My 944 NA has been running perfectly on Megasquirt for almost 4 years, the build thread is here. I chose the MicroSquirt Module as the heart of this ECU because I'm familiar with the functionality and it's a great value for the money. This ECU is going into an NA 944 that has been turbocharged using a homemade kit, so it's designed to utilize as much of the factory setup as possible without being utterly useless as a standalone. I considered options such as Speeduino but the MS is home turf for me without being that much more expensive. This ECU would work on a NA 944 or a 951, provided that the end user configures the settings correctly.

So without further ado, here is my recipe. I may edit this post in the future to provide more detail, but none of this stuff is hard to find. This is for the components inside the ECU, I will cover the outside parts at a later time.

• Donor/dead DME. I am using an early 944 DME, this part should cost you little to nothing if it's dead. I like the early DME because of its construction, it's very solid and the case is thicker. You will see later on in the build how the case features are used to accommodate internal components.
• MicroSquirt Module. I got mine from DIYAutoTune for around $250 on sale. This is the majority of the cost. It comes as just a SMD board, no harness and no frills. However, it offers equivalent functionality of the cased MicroSquirt unit once it's adapted to the rest of the ECU. Think of it as the brain.
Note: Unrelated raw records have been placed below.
lemma (in pair_sigma_finite) integral_mult_fst_snd:
  fixes f :: "'a \<Rightarrow> real" and g :: "'b \<Rightarrow> real"
  assumes f: "integrable M1 f" and g: "integrable M2 g"
  shows "(\<integral>z. f (fst z) * g (snd z) \<partial>(M1 \<Otimes>\<^sub>M M2)) = (\<integral>x. f x \<partial>M1) * (\<integral>y. g y \<partial>M2)"
  using integral_fst'[OF integrable_mult_fst_snd[OF f g]] by simp

lemma (in pair_sigma_finite) AE_pair_fst_snd:
  assumes "AE x in M1. P x" and "AE y in M2. Q y"
  shows "AE z in M1 \<Otimes>\<^sub>M M2. P (fst z) \<and> Q (snd z)"
proof -
  obtain N1 where N1: "{x \<in> space M1. \<not> P x} \<subseteq> N1" "N1 \<in> null_sets M1"
    using assms(1) by (auto elim!: AE_E)
  obtain N2 where N2: "{y \<in> space M2. \<not> Q y} \<subseteq> N2" "N2 \<in> null_sets M2"
    using assms(2) by (auto elim!: AE_E)
  have "N1 \<times> space M2 \<union> space M1 \<times> N2 \<in> null_sets (M1 \<Otimes>\<^sub>M M2)"
    using N1(2) N2(2) by (intro null_sets.Un M2.times_in_null_sets1 M2.times_in_null_sets2) auto
  moreover have "{z \<in> space (M1 \<Otimes>\<^sub>M M2). \<not> (P (fst z) \<and> Q (snd z))} \<subseteq> N1 \<times> space M2 \<union> space M1 \<times> N2"
    using N1(1) N2(1) by (auto simp: space_pair_measure)
  ultimately show ?thesis by (rule AE_I')
qed

lemma ereal_le_liminf_of_ennreal:
  fixes f :: "nat \<Rightarrow> real"
  assumes "\<And>n. 0 \<le> f n" and "0 \<le> a" and "ennreal a \<le> liminf (\<lambda>n. ennreal (f n))"
  shows "ereal a \<le> liminf (\<lambda>n. ereal (f n))"
proof -
  have "liminf (\<lambda>n. enn2ereal (ennreal (f n))) = enn2ereal (liminf (\<lambda>n. ennreal (f n)))"
    by (intro Liminf_compose_continuous_mono continuous_on_enn2ereal monoI)
       (simp_all add: less_eq_ennreal.rep_eq)
  moreover have "enn2ereal (ennreal a) \<le> enn2ereal (liminf (\<lambda>n. ennreal (f n)))"
    using assms(3) by (simp add: less_eq_ennreal.rep_eq)
  ultimately show ?thesis using assms(1,2) by simp
qed

definition nuc_ln_pos :: "nat \<Rightarrow> (nat \<Rightarrow> 'a::euclidean_space) \<Rightarrow> 'a \<Rightarrow> real" where
  "nuc_ln_pos K xs x = (\<Sum>i=1..K. ln_pos (norm (x - xs i)))"

definition nuc_ln_neg :: "nat \<Rightarrow> (nat \<Rightarrow> 'a::euclidean_space) \<Rightarrow> 'a \<Rightarrow> real" where
  "nuc_ln_neg K xs x = (\<Sum>i=1..K. ln_neg (norm (x - xs i)))"

lemma nuc_ln_pos_nonneg [simp]: "0 \<le> nuc_ln_pos K xs x"
  unfolding nuc_ln_pos_def by (intro sum_nonneg) simp

lemma nuc_ln_neg_nonneg [simp]: "0 \<le> nuc_ln_neg K xs x"
  unfolding nuc_ln_neg_def by (intro sum_nonneg) simp

lemma borel_measurable_nuc_ln_pos [measurable]: "nuc_ln_pos K xs \<in> borel_measurable borel"
  unfolding nuc_ln_pos_def by measurable

lemma borel_measurable_nuc_ln_neg [measurable]: "nuc_ln_neg K xs \<in> borel_measurable borel"
  unfolding nuc_ln_neg_def by measurable

lemma V_nuc_eq: "V_nuc K xs x = nuc_ln_neg K xs x - nuc_ln_pos K xs x"
  unfolding V_nuc_def nuc_ln_pos_def nuc_ln_neg_def
  by (simp add: sum_subtractf flip: ln_pos_minus_ln_neg)

lemma integrable_nuc_ln_neg: "integrable lborel (nuc_ln_neg K xs)"
  unfolding nuc_ln_neg_def by (intro Bochner_Integration.integrable_sum integrable_ln_neg_norm_diff)

definition nuc_ln_bound :: "nat \<Rightarrow> (nat \<Rightarrow> 'a::euclidean_space) \<Rightarrow> 'a \<Rightarrow> 'a \<Rightarrow> real" where
  "nuc_ln_bound K xs x y = ln 2 + (nuc_ln_pos K xs x + nuc_ln_pos K xs y) / real K"

lemma nuc_ln_bound_nonneg [simp]: "0 \<le> nuc_ln_bound K xs x y"
  unfolding nuc_ln_bound_def by simp

lemma ln_norm_diff_le_nuc_ln_bound:
  assumes "1 \<le> K"
  shows "ln (norm (x - y)) \<le> nuc_ln_bound K xs x y"
proof -
  have "(\<Sum>i=1..K. ln (norm (x - y)))
      \<le> (\<Sum>i=1..K. ln 2 + ln_pos (norm (x - xs i)) + ln_pos (norm (y - xs i)))"
    by (intro sum_mono ln_norm_diff_le)
  then have "real K * ln (norm (x - y)) \<le> real K * ln 2 + nuc_ln_pos K xs x + nuc_ln_pos K xs y"
    by (simp add: nuc_ln_pos_def sum.distrib)
  then show ?thesis using assms by (simp add: nuc_ln_bound_def field_simps)
qed

definition TF_kernel :: "nat \<Rightarrow> (nat \<Rightarrow> 'a::euclidean_space) \<Rightarrow> 'a \<Rightarrow> 'a \<Rightarrow> real" where
  "TF_kernel K xs x y = nuc_ln_bound K xs x y - ln (norm (x - y))"

lemma borel_measurable_TF_kernel [measurable]:
  "(\<lambda>z. TF_kernel K xs (fst z) (snd z)) \<in> borel_measurable (borel \<Otimes>\<^sub>M borel)"
  unfolding TF_kernel_def nuc_ln_bound_def by measurable

lemma TF_kernel_nonneg: "1 \<le> K \<Longrightarrow> 0 \<le> TF_kernel K xs x y"
  using ln_norm_diff_le_nuc_ln_bound by (simp add: TF_kernel_def)

definition TF_interaction :: "nat \<Rightarrow> (nat \<Rightarrow> 'a::euclidean_space) \<Rightarrow> ('a \<Rightarrow> real) \<Rightarrow> real" where
  "TF_interaction K xs \<sigma> =
     (\<integral>z. \<sigma> (fst z) * \<sigma> (snd z) * TF_kernel K xs (fst z) (snd z) \<partial>(lborel \<Otimes>\<^sub>M lborel))"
Dougs951S has been using the Micro on his modified 951 for years and I have been running it on my NA - it's more than capable of delivering the goods for a boosted or naturally aspirated car.
• General electronic supplies. These are dirt cheap:
  • The Micro utilizes standard 0.1" spaced headers (2.54mm). The primary input/output header is 2 rows of 25 pins, so you can use AMP 7-534206-5. I would recommend getting some other header pins as well, you can snap them apart to make them the right size as you need them.
  • Get some good rosin core leaded solder and make sure you have a half decent soldering iron. I got my Weller soldering station for around $40 shipped.
  • Desoldering wick. When you **** up, you can easily soak up the solder from the board without getting it everywhere.
  • Jumper wires. These connect the header pins to wherever they need to go. I got
    these
    these
    but so far, am less than impressed by the quality. They'll work for this prototype ECU but I would look around for more options. Just make sure they are designed for the 0.1" pin spacing and will work with the headers you got. Get male-male and male-female.
  • Heat shrink for general use. Adhesive lined is best, don't get the crappy cheap kind. Kits with a variety of sizes aren't expensive.
  • Board stand-offs. The Micro board has 4x mounting holes, each is 1/8" diameter. I got
    these
    these
    out of convenience, they are 11mm effective height and have 2.5mm diameter fasteners. Works perfectly fine. These will mount your MS to the DME casing and provide heatsinking for the 5v regulator.
  • Some sort of 5A fuse setup. The MS should ideally be fused against its 12v power supply, to insure against a wiring issue (let's be honest, as DIYers this happens). Get something small that you can wire inline to a wire, it will go inside the DME case.
• MAP sensor to go inside the DME housing. This is optional, as you can easily use an external MAP sensor from a GM vehicle or etc. But for maximum plug-and-play points, I am using a Freescale MPX4250 2.5 bar MAP sensor mounted internally. If you search around, you will see these for under $20. You may also consider a bulkhead to pass the nipple through the case. I'm not sure if I'll need this or not, but for $4 I got it. Obviously you will need some appropriate vacuum hose to run from your DME location to the engine bay. I would recommend teeing into the vac lines that go the FPR and damper. I did this on my 944 and it works fine, and it's very straightforward. Keep in mind you will need a physical 3-way tee for the engine bay end, the OEM hard plastic lines will probably require a rubber tee that elastically stretches over the outside of the lines.
• Provisions for connectivity. The pre-MS3 boards (Micro is based on MS2) rely on serial communication to your tuning laptop. However, there are countless products that can adapt this to simple USB. You will find a 4-pin square header on the Micro labeled Vref, GND, Rx, and Tx. The latter 2 are serial communications, and the GND is serial ground. These pins also exist on the main 2x25 header. More on this later, but there are hundreds of small chips that can turn these into a USB connector. I will post a link when I have confirmed one that will work with no headaches. Worst case scenario, you can wire up a serial (RS232) connector and use a generic USB adapter. I use the Aten U232 for my NA and it works flawlessly.
• A driver to fire the ignition coil. The Micro comes with 2 drivers, but they are low-power "logic level" signals. This is fine for coils which feature an internal igniter, but the factory 944 coil requires an external driver that incorporates dwell time requirements and supplies all of the current needed to charge it up. I used LS1 coils on my 944 as these are natively compatible with the Micro. But to make this plug and play, I am choosing a BIP373 transistor to adapt the MS coil commands into a signal equivalent to what the DME would have originally sent the coil.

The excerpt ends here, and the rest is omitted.